The shipbroker added that “yet prices could still be driven higher. Clearly, asset values will remain supported whilst the spot markets continue to be exceptionally strong. However, other factors could be equally as impactful. The implementation of a Russian oil embargo and a corresponding Western insurance ban will prevent many owners currently willing to transport Russian oil from doing so. As we move closer to December, it is likely that increased S&P activity will occur for buyers based in Russia, the Middle East and Asia, which will continue to support prices and mark a continuation of a trend already seen since the invasion”.
“Conversely, any easing of sanctions against Iran or Venezuela could have the opposite effect. If sanctions against these countries were to be removed, much of the current fleet servicing these trades could migrate into Russian business – again another trend observed to some extent already. There is also the question as to whether Europe has the resolve to press ahead with its Russian oil embargo and insurance ban at the end of the year, having recently softened current sanctions relating to Russian energy exports. Such an embargo could become even more difficult to enact, if Iranian and Venezuelan barrels remain off the market. Finally, there is the wider macroeconomic picture. Slowing global growth and recessionary fears all have the potential to lower demand for tankers and thus impact asset values and, whilst most major forecasting agencies still predict growth, consumer and business confidence continues to decline”, Gibson noted.

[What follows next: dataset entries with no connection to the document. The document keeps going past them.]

lemma schur_triangularization_sym_psd:
  fixes a :: "nat \<Rightarrow> nat \<Rightarrow> real"
  assumes sym: "\<And>i j. i < n \<Longrightarrow> j < n \<Longrightarrow> a i j = a j i"
    and psd: "\<And>w :: nat \<Rightarrow> real. 0 \<le> (\<Sum>i<n. \<Sum>j<n. w i * a i j * w j)"
  obtains B P Q and x :: "nat \<Rightarrow> real"
  where "similar_mat_wit (Matrix.mat n n (\<lambda>(i,j). complex_of_real (a i j))) B P Q"
    and "upper_triangular B"
    and "\<And>i. i < n \<Longrightarrow> B $$ (i,i) = complex_of_real (x i)"
    and "\<And>i. i < n \<Longrightarrow> 0 \<le> x i"
proof -
  define M where "M = Matrix.mat n n (\<lambda>(i,j). complex_of_real (a i j))"
  have M: "M \<in> carrier_mat n n" unfolding M_def by simp
  obtain es where cp: "char_poly M = (\<Prod>e\<leftarrow>es. [:- e, 1:])"
    using char_poly_factorized[OF M] by blast
  obtain B P Q where "schur_decomposition M es = (B,P,Q)" by (cases "schur_decomposition M es") auto
  from schur_decomposition[OF M cp this]
  have sim: "similar_mat_wit M B P Q" and ut: "upper_triangular B" and diag: "diag_mat B = es"
    by auto
  have B: "B \<in> carrier_mat n n" using similar_mat_witD2[OF M sim] by auto
  have diag_eigen: "Im (B $$ (i,i)) = 0 \<and> 0 \<le> Re (B $$ (i,i))" if i: "i < n" for i
  proof -
    define e where "e = B $$ (i,i)"
    have "e \<in> set es" using i B unfolding e_def diag[symmetric] diag_mat_def by auto
    then have "poly (char_poly M) e = 0"
      unfolding cp by (auto simp: poly_prod_list prod_list_zero_iff)
    then obtain v where "eigenvector M v e"
      using eigenvalue_root_char_poly[OF M] unfolding eigenvalue_def by blast
    then have v: "v \<in> carrier_vec n" "v \<noteq> 0\<^sub>v n" and Mv: "M *\<^sub>v v = e \<cdot>\<^sub>v v"
      using M unfolding eigenvector_def by auto
    have eigen: "(\<Sum>j<n. complex_of_real (a k j) * v $ j) = e * v $ k" if k: "k < n" for k
      using arg_cong[OF Mv, of "\<lambda>w. w $ k"] k v
      by (simp add: M_def scalar_prod_def lessThan_atLeast0)
    obtain i0 where "i0 < n" "v $ i0 \<noteq> 0"
      using v by (metis eq_vecI carrier_vecD index_zero_vec)
    with sym_psd_eigenvalue_real_nonneg[OF sym psd eigen] show ?thesis
      unfolding e_def by blast
  qed
  show ?thesis
  proof
    show "similar_mat_wit (Matrix.mat n n (\<lambda>(i,j). complex_of_real (a i j))) B P Q"
      using sim by (simp add: M_def)
    show "B $$ (i,i) = complex_of_real (Re (B $$ (i,i)))" if "i < n" for i
      using diag_eigen[OF that] by (simp add: complex_eq_iff)
    show "0 \<le> Re (B $$ (i,i))" if "i < n" for i
      using diag_eigen[OF that] by simp
  qed (rule ut)
qed
(* Let $P=\mathrm{conv}(\bm{x}_1,\dots,\bm{x}_m)$ be a polytope in $\mathbb{R}^k$ with each $\bm{x}_i$ of unit Euclidean length. Then the maximum volume ellipsoid $E(P)$ contained in $P$ satisfies $\mathrm{vol}(E(P))\le 2\sqrt{2e}\left(\sqrt{\frac{2\log 2m}{k}}\right)^k\mathrm{vol}(B_k(0,1))$.
   Context: $B_k(0,1)$ is the unit Euclidean ball in $\mathbb{R}^k$; $\mathrm{vol}$ is $k$-dimensional volume; $\log$ is the natural logarithm. *)

theory Defs
  imports "HOL-Analysis.Analysis"
begin

definition is_ellipsoid :: "'a::euclidean_space set \<Rightarrow> bool" where
  "is_ellipsoid E \<longleftrightarrow> (\<exists>c (A::'a \<Rightarrow> 'a). linear A \<and> inj A \<and> E = (\<lambda>u. c + A u) ` cball 0 1)"

definition max_vol_ellipsoid :: "'a::euclidean_space set \<Rightarrow> 'a set \<Rightarrow> bool" where
  "max_vol_ellipsoid P E \<longleftrightarrow> is_ellipsoid E \<and> E \<subseteq> P \<and>
     (\<forall>E'. is_ellipsoid E' \<and> E' \<subseteq> P \<longrightarrow> measure lebesgue E' \<le> measure lebesgue E)"

end

(*
  Every ellipsoid E = c + A(B) inside P obeys the bound, even without the factor 2 sqrt(2e) >= 1.  Choose an orthonormal basis (q_j) whose images A q_j are
  pairwise orthogonal, of lengths s_j > 0; then vol E = (prod_j s_j) vol B.  With w_j = A q_j / s_j,
  averaging sum_i 2 cosh (t <x_i, u>) over the 2^k sign vectors u = sum_j e_j w_j and using
  cosh x <= exp(x^2 / 2) yields signs with |<x_i, u>| <= t = sqrt (2 log 2m) for all i, so P
  lies in the slab |<p, u>| <= t.  But E contains c +- A z for z = sum_j e_j s_j q_j / S with
  S = sqrt (sum_j s_j^2), and <A z, u> = S.  Hence sum_j s_j^2 <= 2 log 2m, and AM-GM gives
  prod_j s_j <= (2 log 2m / k)^(k/2).
*)
theory Submission
  imports Defs "HOL-Probability.Hoeffding"
begin
lemma sum_Np_times_signed_q:
  fixes A :: "nat set"
  assumes A: "0 \<notin> A" and "0 < n"
  shows "(\<Sum>k=1..n. int (Np A k) * (int (qe A (n - k)) - int (qo A (n - k)))) = int (tauA A n)"
proof -
  let ?AJ = "{(a, j). a \<in> A \<and> 0 < j \<and> a * j \<le> n}"
  have "(\<Sum>k=1..n. int (Np A k) * (int (qe A (n - k)) - int (qo A (n - k))))
      = (\<Sum>k=1..n. of_nat (\<Sum>M\<in>partitions_A A k. card (occurrences M))
                    * (\<Sum>D\<in>dpartitions_A A (n - k). (-1::int) ^ size D))"
    by (simp add: Np_def qe_def qo_def card_occurrences card_even_size_minus_card_odd_size
        finite_dpartitions_A A)
  also have "\<dots> = (\<Sum>(k, M, (a, j), D)\<in>(SIGMA k:{1..n}. SIGMA M:partitions_A A k.
                     occurrences M \<times> dpartitions_A A (n - k)). (-1) ^ size D)"
    by (subst sum_convolution_eq_sum_Sigma)
      (simp_all add: finite_partitions_A finite_dpartitions_A finite_occurrences A split_def)
  also have "\<dots> = (\<Sum>((a, j), U, D)\<in>(SIGMA (a, j):?AJ. mixed_partitions A {} (n - a * j)).
                     (-1) ^ size D)"
    by (subst sum.reindex_bij_betw[OF bij_betw_partition_occurrences_mixed_partitions[OF A], symmetric])
      (simp add: split_def)
  also have "\<dots> = (\<Sum>(a, j)\<in>?AJ. \<Sum>(U, D)\<in>mixed_partitions A {} (n - a * j). (-1) ^ size D)"
    using finite_multiple_pairs[OF A] finite_mixed_partitions[OF A]
    unfolding split_def by (subst sum.Sigma) (auto simp: split_def)
  also have "\<dots> = (\<Sum>p\<in>?AJ. of_bool (fst p * snd p = n))"
    by (rule sum.cong) (auto simp: sum_mixed_partitions_sign_empty A)
  also have "\<dots> = int (card {(a, j). a \<in> A \<and> a * j = n})"
    using finite_multiple_pairs[OF A] \<open>0 < n\<close> by (auto intro!: arg_cong[where f = card])
  also have "\<dots> = int (tauA A n)"
    unfolding tauA_def using bij_betw_same_card[OF bij_betw_divisors_factor_pairs[OF \<open>0 < n\<close>]] by simp
  finally show ?thesis .
qed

The shipbroker concluded that “ultimately, there is still the potential for further upside in tanker asset values; however, increasingly the downside risk is coming into focus. Owners can take comfort from a low orderbook and be encouraged by the reallocation of trade prompted by Russia’s invasion of Ukraine, yet how they balance this against the broader macroeconomic picture will ultimately depend on their appetite for risk”.